Он шёл вдоль смоляного озерца, угрюмой кляксой расползшегося по мёртвой почве, и — прямиком к скалам, разверстые пещеры которых манили уединённостью. Хоть подземный мир не ограничен в пространстве, порой казалось, что с паскудной скоростью плодящиеся людишки заполонят его целиком, не оставят ни единого местечка для коренных обитателей ада.
Эти же каменистые утёсы пока вполне походили на укромное пристанище: именно там, вдали от несмолкающих воплей грешников, возможно спокойно думать. Впрочем, склонностью к рефлексии Дэмиен не обладал, потому забравшись в подходящий грот попросту позволил себе отойти ко сну, отгоняя мысли, точно докучливых мух.
Его разбудил имп, шумно сопевший, принюхивавшийся.
— Что ты тут забыл, мелочь?
Бесёнок ойкнул и смешно повёл пушистым рыльцем.
— Тут… светлым пахло! Я и решил…
— Решил порыскать в поисках съестного, да только в итоге потревожил мой покой, — лениво процедил Дэмиен, на сей раз в пылу переживаний действительно позабывший стереть со своей ауры оттиски чужой. Удручённый собственной оплошность, он телекинетически швырнул импа в бугристый пещерный свод.

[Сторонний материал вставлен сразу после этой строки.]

(* Let $H$ be a balanced subgroup of $PL_o(I)$ whose only orbital is $A=(a,b)$, and let $\phi:H\to\mathbf{R}\times\mathbf{R}$ be $h\mapsto(\ln h'_+(a),\ln h'_-(b))$, where $h'_+(a)$ is the right derivative of $h$ at $a$ and $h'_-(b)$ the left derivative at $b$. Then $\phi$ is a homomorphism and its image $\phi(H)$ is either trivial or isomorphic to $\mathbf{Z}$.
   Context: $PL_o(I)$ is the group of orientation-preserving piecewise-linear homeomorphisms of $I=[0,1]$ with finitely many breaks in slope, acting on the right. The support of $h$ is the open set of points moved by $h$; an orbital of an element is a connected component of its support; an orbital of a subgroup $G$ is a connected component of the union of the supports of its elements. If $A$ is an orbital of a subgroup $G$ and $h\in G$, then $h$ realizes an end $e$ of $A$ if some orbital of $h$ is contained in $A$ and has $e$ as an endpoint. A group $H\le PL_o(I)$ is balanced if for every subgroup $G\le H$ and every orbital $A$ of $G$, every element of $G$ which realizes one end of $A$ also realizes the other end of $A$. *)

theory Defs
  imports "HOL-Analysis.Analysis"
begin

text \<open>Elements of PL_o(I) are represented as functions real => real that are the
identity outside [0,1]; the right action means the product f*g is "g o f".\<close>

definition PLo :: "(real \<Rightarrow> real) \<Rightarrow> bool" where
  "PLo f \<longleftrightarrow>
     bij_betw f {0..1} {0..1} \<and> strict_mono_on {0..1} f \<and> continuous_on {0..1} f \<and>
     (\<forall>x. x \<notin> {0..1} \<longrightarrow> f x = x) \<and>
     (\<exists>S. finite S \<and>
        (\<forall>u v. u < v \<and> {u..v} \<subseteq> {0..1} \<and> {u<..<v} \<inter> S = {} \<longrightarrow>
           (\<exists>m c. \<forall>x\<in>{u..v}. f x = m * x + c)))"

definition PL_subgroup :: "(real \<Rightarrow> real) set \<Rightarrow> bool" where
  "PL_subgroup G \<longleftrightarrow> G \<subseteq> Collect PLo \<and> id \<in> G \<and>
     (\<forall>f\<in>G. \<forall>g\<in>G. g \<circ> f \<in> G) \<and> (\<forall>f\<in>G. inv f \<in> G)"

definition supp :: "(real \<Rightarrow> real) \<Rightarrow> real set" where
  "supp h = {x\<in>{0..1}. h x \<noteq> x}"

definition elem_orbitals :: "(real \<Rightarrow> real) \<Rightarrow> real set set" where
  "elem_orbitals h = {connected_component_set (supp h) x | x. x \<in> supp h}"

definition group_orbitals :: "(real \<Rightarrow> real) set \<Rightarrow> real set set" where
  "group_orbitals G = {connected_component_set (\<Union>h\<in>G. supp h) x | x. x \<in> (\<Union>h\<in>G. supp h)}"

definition realizes :: "(real \<Rightarrow> real) \<Rightarrow> real set \<Rightarrow> real \<Rightarrow> bool" where
  "realizes h A e \<longleftrightarrow> (\<exists>B\<in>elem_orbitals h. B \<subseteq> A \<and> (e = Inf B \<or> e = Sup B))"

definition balanced :: "(real \<Rightarrow> real) set \<Rightarrow> bool" where
  "balanced H \<longleftrightarrow> (\<forall>G. PL_subgroup G \<and> G \<subseteq> H \<longrightarrow>
     (\<forall>A\<in>group_orbitals G. \<forall>g\<in>G. realizes g A (Inf A) \<longleftrightarrow> realizes g A (Sup A)))"

definition right_deriv :: "(real \<Rightarrow> real) \<Rightarrow> real \<Rightarrow> real" where
  "right_deriv h a = (THE d. (h has_real_derivative d) (at a within {a..}))"

definition left_deriv :: "(real \<Rightarrow> real) \<Rightarrow> real \<Rightarrow> real" where
  "left_deriv h b = (THE d. (h has_real_derivative d) (at b within {..b}))"

end

(* The slopes at both ends are multiplicative under composition, so phi is a
   homomorphism, and balancedness applied to H itself shows that an element has slope 1 at a iff
   it has slope 1 at b. Hence phi(H) is a subgroup of R x R on which the first projection is
   injective, and it suffices to show that the slopes at a do not accumulate at 1.
   Suppose they do. If some nontrivial k has slope 1 at both ends, conjugate it into a bump close
   to a, shrink it towards a, and conjugate it by the powers of an element of slope slightly above
   1: the overlapping bumps obtained generate a subgroup with an orbital whose left end is realized
   by the first bump and whose right end is not, contradicting balancedness. Otherwise the slope at
   a is faithful, so H is abelian. An element of slope close to 1 then commutes with elements that
   are linear near a and near b, hence is itself linear on fixed neighbourhoods of both ends; its
   commuting with an element carrying a piece near a affinely into the neighbourhood of b forces
   that affine map to send a to b, which is absurd. *)

theory Submission
  imports Defs
begin

lemma PLo_fixes_outside: "PLo h \<Longrightarrow> x \<notin> {0..1} \<Longrightarrow> h x = x"
  unfolding PLo_def by blast

lemma PLo_maps_unit: "PLo h \<Longrightarrow> x \<in> {0..1} \<Longrightarrow> h x \<in> {0..1}"
  unfolding PLo_def by (meson bij_betw_apply)

lemma PLo_strict_mono: assumes "PLo h" shows "strict_mono h"
proof (rule strict_monoI)
  fix x y :: real assume "x < y"
  have "strict_mono_on {0..1} h" using assms unfolding PLo_def by blast
  then show "h x < h y"
    using \<open>x < y\<close> PLo_fixes_outside[OF assms] PLo_maps_unit[OF assms, of x] PLo_maps_unit[OF assms, of y]
    by (cases "x \<in> {0..1}"; cases "y \<in> {0..1}") (force simp: strict_mono_on_def)+
qed

lemma PLo_less_iff: "PLo h \<Longrightarrow> h x < h y \<longleftrightarrow> x < y"
  using PLo_strict_mono strict_mono_less by blast

lemma PLo_le_iff: "PLo h \<Longrightarrow> h x \<le> h y \<longleftrightarrow> x \<le> y"
  using PLo_strict_mono strict_mono_less_eq by blast

lemma PLo_surj: assumes "PLo h" shows "surj h"
proof -
  have "h ` {0..1} = {0..1}" using assms unfolding PLo_def bij_betw_def by blast
  then have "y \<in> range h" for y
    using PLo_fixes_outside[OF assms, of y] by (cases "y \<in> {0..1}") (blast, metis rangeI)
  then show ?thesis by blast
qed

lemma PLo_inv_apply [simp]: "PLo h \<Longrightarrow> inv h (h x) = x"
  by (meson PLo_strict_mono inv_f_f strict_mono_imp_inj_on)

lemma PLo_apply_inv [simp]: "PLo h \<Longrightarrow> h (inv h x) = x"
  by (rule surj_f_inv_f[OF PLo_surj])

lemma PLo_inv_comp: "PLo h \<Longrightarrow> inv h \<circ> h = id"
  by (simp add: fun_eq_iff)

lemma PLo_isCont: assumes "PLo h" "0 < x" "x < 1" shows "isCont h x"
proof -
  have "continuous_on {0..1} h" using assms(1) unfolding PLo_def by blast
  then show ?thesis using assms(2,3) continuous_on_interior[of "{0..1}" h x] by simp
qed

lemma PLo_affine_near:
  assumes "PLo h"
  obtains \<delta> where "\<delta> > 0"
    and "\<And>u v. u < v \<Longrightarrow> {u..v} \<subseteq> {0..1} \<Longrightarrow> {u..v} \<subseteq> {e..e+\<delta>} \<or> {u..v} \<subseteq> {e-\<delta>..e} \<Longrightarrow>
           \<exists>m c. m > 0 \<and> (\<forall>x\<in>{u..v}. h x = m * x + c)"
proof -
  obtain S where S: "finite S" "\<And>u v. u < v \<Longrightarrow> {u..v} \<subseteq> {0..1} \<Longrightarrow> {u<..<v} \<inter> S = {} \<Longrightarrow>
           \<exists>m c. \<forall>x\<in>{u..v}. h x = m * x + c"
    using assms unfolding PLo_def by blast
  obtain \<delta> where \<delta>: "\<delta> > 0" "\<forall>s\<in>S. s \<noteq> e \<longrightarrow> \<delta> \<le> dist e s"
    using finite_set_avoid[OF S(1)] by blast
  show ?thesis
  proof (rule that[OF \<delta>(1)])
    fix u v assume uv: "u < v" "{u..v} \<subseteq> {0..1}" "{u..v} \<subseteq> {e..e+\<delta>} \<or> {u..v} \<subseteq> {e-\<delta>..e}"
    have "{u<..<v} \<inter> S = {}"
      using uv(1,3) \<delta>(2) by (fastforce simp: dist_real_def)
    then obtain m c where mc: "\<forall>x\<in>{u..v}. h x = m * x + c" using S(2) uv by blast
    have "m * u + c < m * v + c"
      using mc uv(1) PLo_less_iff[OF assms, of u v] by auto
    then have "m > 0" using uv(1) by (smt (verit) mult_le_cancel_left)
    then show "\<exists>m c. m > 0 \<and> (\<forall>x\<in>{u..v}. h x = m * x + c)" using mc by blast
  qed
qed

lemma PLo_affine_right:
  assumes "PLo h" "0 \<le> e" "e < 1"
  obtains \<delta> m c where "\<delta> > 0" "e + \<delta> \<le> 1" "m > 0" "\<forall>x\<in>{e..e+\<delta>}. h x = m * x + c"
proof -
  obtain \<delta> where \<delta>: "\<delta> > 0" "\<And>u v. u < v \<Longrightarrow> {u..v} \<subseteq> {0..1} \<Longrightarrow> {u..v} \<subseteq> {e..e+\<delta>} \<or> {u..v} \<subseteq> {e-\<delta>..e} \<Longrightarrow>
           \<exists>m c. m > 0 \<and> (\<forall>x\<in>{u..v}. h x = m * x + c)"
    using PLo_affine_near[OF assms(1)] by blast
  define \<delta>' where "\<delta>' = min \<delta> (1 - e)"
  have "\<delta>' > 0" "e + \<delta>' \<le> 1" using \<delta>(1) assms unfolding \<delta>'_def by auto
  moreover obtain m c where "m > 0" "\<forall>x\<in>{e..e+\<delta>'}. h x = m * x + c"
    using \<delta>(2)[of e "e + \<delta>'"] \<open>\<delta>' > 0\<close> \<open>e + \<delta>' \<le> 1\<close> assms(2) unfolding \<delta>'_def by auto
  ultimately show ?thesis using that by blast
qed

Тот, взметнувшийся против воли вверх, разбил мордочку в кровь, а при приземлении вдобавок обломал рог и выглядел теперь жалким и сокрушённым.
— Прошу прощения, я уже ухожу, — прохлюпал он и засеменил к выходу.
— Погоди-ка... у меня есть для тебя поручение. Отыщи среди душ лучших архитекторов и дизайнеров интерьера. Притащи в приёмную отцовского замка, я буду там.
— Зачем они?
— Зачем, зачем. Дом хочу в мире людей построить, раз тут от дряней вроде тебя покоя не сыскать. — Дэмиен довольно ухмыльнулся внезапно возникшей мысли. Притаскивать Пиррипа к себе не стоило ни в коем случае, а вот соорудить ему что-нибудь приличное и наведываться туда временами — идея как минимум недурная. Вдохновлённый, прикрикнул на беса: — Пошевеливайся! — И поджёг и так покалеченному кисточку хвоста.
Взвизгнувший имп тотчас обернулся рдеющим вихрем и понёсся из злосчастного грота прочь.
Наконец можно было снова погрузиться в дремоту, пусть даже недолгую. Дэмиен прикрыл глаза, предвкушая, как обрадуется его мальчик настоящему дому.